INSTRUCTIONS TO FOLLOW:
Copy out all lines of the records in which the word "assumes" appears.

ENTRIES PROVIDED:
section \<open>The integral operator, Tikhonov regularisation and the resolvent\<close>

locale rkhs_prob_space = rkhs k evH + prob_space mu
  for k :: "'x::topological_space \<Rightarrow> 'x \<Rightarrow> real"
    and evH :: "'h::{real_inner,complete_space} \<Rightarrow> 'x \<Rightarrow> real" and mu :: "'x measure" +
  assumes sets_mu: "sets mu = sets borel"
begin

lemma eval_measurable: "evH u \<in> borel_measurable mu"
  using borel_measurable_continuous_onI[OF continuous_eval] measurable_cong_sets[OF sets_mu refl]
  by blast

lemma eval_in_L2: "in_L2 mu (evH u)"
  by (rule in_L2_bounded[OF eval_measurable abs_eval_le])

lemma kernel_in_L2: "in_L2 mu (k x)"
proof -
  have "k x = evH (kernel_section x)" by (simp add: fun_eq_iff kernel_section kernel_sym)
  then show ?thesis using eval_in_L2 by simp
qed

lemma T_op_add_scale:
  assumes "in_L2 mu a" "in_L2 mu b"
  shows "T_op mu k (\<lambda>y. a y + c * b y) x = T_op mu k a x + c * T_op mu k b x"
proof -
  have "(\<lambda>y. k x y * (a y + c * b y)) = (\<lambda>y. k x y * a y + c * (k x y * b y))"
    by (simp add: fun_eq_iff algebra_simps)
  then show ?thesis
    unfolding T_op_def using in_L2_integrable_mult[OF kernel_in_L2 assms(1)]
      in_L2_integrable_mult[OF kernel_in_L2 assms(2)] by simp
qed

lemma T_op_diff:
  assumes "in_L2 mu a" "in_L2 mu b"
  shows "T_op mu k (\<lambda>y. a y - b y) x = T_op mu k a x - T_op mu k b x"
  using T_op_add_scale[OF assms, of "-1"] by simp

lemma T_op_cong_AE:
  assumes "a \<in> borel_measurable mu" "b \<in> borel_measurable mu" "AE y in mu. a y = b y"
  shows "T_op mu k a x = T_op mu k b x"
  unfolding T_op_def
proof (rule integral_cong_AE)
  have "k x \<in> borel_measurable mu" using kernel_in_L2 unfolding in_L2_def by blast
  then show "(\<lambda>y. k x y * a y) \<in> borel_measurable mu" "(\<lambda>y. k x y * b y) \<in> borel_measurable mu"
    using assms(1,2) by simp_all
  show "AE y in mu. k x y * a y = k x y * b y" using assms(3) by eventually_elim simp
qed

WORKED SOLUTION:
  assumes sets_mu: "sets mu = sets borel"
  assumes "in_L2 mu a" "in_L2 mu b"
  assumes "in_L2 mu a" "in_L2 mu b"
  assumes "a \<in> borel_measurable mu" "b \<in> borel_measurable mu" "AE y in mu. a y = b y"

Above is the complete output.